E così, stamani, in classe, ho tentato anch’io un piccolo esercizio di stile,
una specie di lipogramma di genere:
a disposizione dei ragazzi sostantivi solo maschili,
viceversa per le ragazze. E un unico argomento:
il rapporto con la scrittura.

La classe è una terza alberghiero: nella maggior parte dei casi
questi studenti nelle loro priorità hanno altro,
ma l’inaspettata richiesta li ha galvanizzati, e tutti, proprio tutti,
per 20 minuti si sono impegnati in un corpo a corpo con le parole.

Alcuni mi hanno confessato la loro idiosincrasia per i libri,
altri hanno descritto il loro cammino dalle astine alla composizione,
altri ancora hanno cercato di farmi capire che, sì, vorrebbero,
avrebbero tanto da dire, ma manca la dimestichezza
con la lingua, e questo tarpa le loro ali.
Del resto ho sempre pensato che insegnare a scrivere
sia in fondo per me quasi un pretesto per educare alla libertà.

E così domani porto in classe Queneau.
Intanto qui trascrivo i testi di Melissa e Stefano: bravi,
voi e gli altri.

La scrittura è parte di noi e di ogni azione che ci circonda.
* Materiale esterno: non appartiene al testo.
(* Let $(\mu,b)$ be a stable configuration under perfect observability for the objective game $G$. Then for every $\theta\in\operatorname{supp}\mu$, the strategy profile $b(\theta)\in\prod_{i\in N}\Delta(A_i)$ is Pareto efficient with respect to $\pi$.
   Context: Objective game: $G=(N,A,\pi)$ is a finite $n$-player normal-form game, $N=\{1,\dots,n\}$, finite action sets $A_i$, $A=\prod_{i\in N}A_i$, material payoff (fitness) functions $\pi_i:A\to\mathbb{R}$, extended multilinearly to mixed profiles in $\prod_{i}\Delta(A_i)$ (and linearly to correlated strategies in $\Delta(A)$); $\pi=(\pi_1,\dots,\pi_n)$. Preference types: $\Theta=\mathbb{R}^A$ (utility functions on $A$, extended multilinearly to mixed profiles). $\mathcal{M}(\Theta^n)$ is the set of product distributions $\mu=\mu_1\times\dots\times\mu_n$ on $\Theta^n$ with each $\mu_i$ finitely supported; $\operatorname{supp}\mu=\prod_i\operatorname{supp}\mu_i$, $\mu_{-i}(\theta_{-i})=\prod_{j\neq i}\mu_j(\theta_j)$. Mutants: for nonempty $J\subseteq N$, a mutant sub-profile is $\tilde\theta_J\in\prod_{j\in J}(\Theta\setminus\operatorname{supp}\mu_j)$ with shares $\varepsilon=(\varepsilon_j)_{j\in J}\in(0,1)^{|J|}$, $\|\varepsilon\|=\max_j\varepsilon_j$; the post-entry distribution $\tilde\mu^\varepsilon$ has $\tilde\mu^\varepsilon_i=(1-\varepsilon_i)\mu_i+\varepsilon_i\delta_{\tilde\theta_i}$ for $i\in J$ and $\tilde\mu^\varepsilon_i=\mu_i$ otherwise. Perfect observability: for $\mu\in\mathcal M(\Theta^n)$, an equilibrium is a map $b:\operatorname{supp}\mu\to\prod_i\Delta(A_i)$ such that for each $\theta$, $b(\theta)$ is a Nash equilibrium of the normal-form game with action sets $A_i$ and payoffs $\theta_1,\dots,\theta_n$; $B_1(\mu)$ is the set of these; $(\mu,b)$ with $b\in B_1(\mu)$ is a configuration. Average fitness of $\theta_i\in\operatorname{supp}\mu_i$: $\Pi_{\theta_i}(\mu;b)=\sum_{\theta'_{-i}\in\operatorname{supp}\mu_{-i}}\mu_{-i}(\theta'_{-i})\pi_i(b(\theta_i,\theta'_{-i}))$. $(\mu,b)$ is balanced if for each $i$ all types in $\operatorname{supp}\mu_i$ have equal average fitness. Focal set: $B_1(\tilde\mu^\varepsilon;b)=\{\tilde b\in B_1(\tilde\mu^\varepsilon):\tilde b(\theta)=b(\theta)\ \forall\theta\in\operatorname{supp}\mu\}$. $(\mu,b)$ is stable if it is balanced and for every nonempty $J\subseteq N$ and every mutant sub-profile $\tilde\theta_J$ there is $\bar\epsilon\in(0,1)$ such that for every $\varepsilon\in(0,1)^{|J|}$ with $\|\varepsilon\|<\bar\epsilon$ and every $\tilde b\in B_1(\tilde\mu^\varepsilon;b)$, either (i) there is $j\in J$ with $\Pi_{\theta_j}(\tilde\mu^\varepsilon;\tilde b)>\Pi_{\tilde\theta_j}(\tilde\mu^\varepsilon;\tilde b)$ for all $\theta_j\in\operatorname{supp}\mu_j$, or (ii) for every $i\in N$ all types in $\operatorname{supp}\tilde\mu^\varepsilon_i$ have equal average fitness under $(\tilde\mu^\varepsilon,\tilde b)$. Pareto notions: $\sigma$ Pareto dominates $\sigma'$ if $\pi_i(\sigma)\ge\pi_i(\sigma')$ for all $i$ with strict inequality for some $i$; $\sigma$ is Pareto efficient if no profile in $\prod_i\Delta(A_i)$ Pareto dominates it. *)

theory Defs
  imports Complex_Main "HOL-Library.FuncSet"
begin
lemma mns_tld [simp]:
  assumes y: "y \<in> W"
  shows "mns (tld y) = y"
proof -
  obtain i where i: "i \<in> I" "tld y \<in> c i (tld y)"
    using le_iff_left_unit[of "tld y" "tld y"] le_refl tld_closed y by blast
  then have "mns (tld y) \<in> c y i"
    using tld_mem_comp_iff[of i "tld y" y] I_subset tld_closed y by blast
  then have "le y (mns (tld y))"
    using le_iff_right_unit[of y "mns (tld y)"] i y tld_closed mns_closed by blast
  then show ?thesis
    using le_antisym[of "mns (tld y)" y] mns_tld_le tld_closed mns_closed y by blast
qed

lemma image_tld: "tld ` W = W"
  using tld_closed mns_closed by (force intro: image_eqI[where x = "mns _"])

lemma image_mns: "mns ` W = W"
  using tld_closed mns_closed by (force intro: image_eqI[where x = "tld _"])

lemma mns_antimono:
  assumes "x \<in> W" "y \<in> W" "le x y"
  shows "le (mns y) (mns x)"
proof -
  obtain i where i: "i \<in> I" "y \<in> c i x"
    using le_iff_left_unit assms by blast
  then have "mns x \<in> c (mns y) i"
    using tld_mem_comp_iff[of i x "mns y"] I_subset mns_closed assms by auto
  then show ?thesis
    using le_iff_right_unit[of "mns y" "mns x"] i mns_closed assms by blast
qed

lemma tld_antimono:
  assumes "x \<in> W" "y \<in> W" "le x y"
  shows "le (tld y) (tld x)"
proof -
  obtain i where i: "i \<in> I" "y \<in> c x i"
    using le_iff_right_unit assms by blast
  then have "tld x \<in> c i (tld y)"
    using tld_mem_comp_iff[of i "tld y" x] I_subset tld_closed assms by auto
  then show ?thesis
    using le_iff_left_unit[of "tld y" "tld x"] i tld_closed assms by blast
qed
Identifica la nostra personalità più vera. Secondo la mia concezione, chi scrive non è la nostra persona materiale, ma l'anima, che ha l’opportunità di parlare anche a se stessa.
La scrittura riesce a esprimere tutto ciò che non riusciamo a dire a voce. Tira fuori la nostra personalità: la migliore o la peggiore, a seconda dell’emozione che proviamo mentre scriviamo.
Può trasmettere tranquillità, gioia, sincerità, e donarci una sensazione di libertà e spesso sorpresa, o può lasciarci l’amarezza in bocca, come ci lascia la vista di una notte senza stelle.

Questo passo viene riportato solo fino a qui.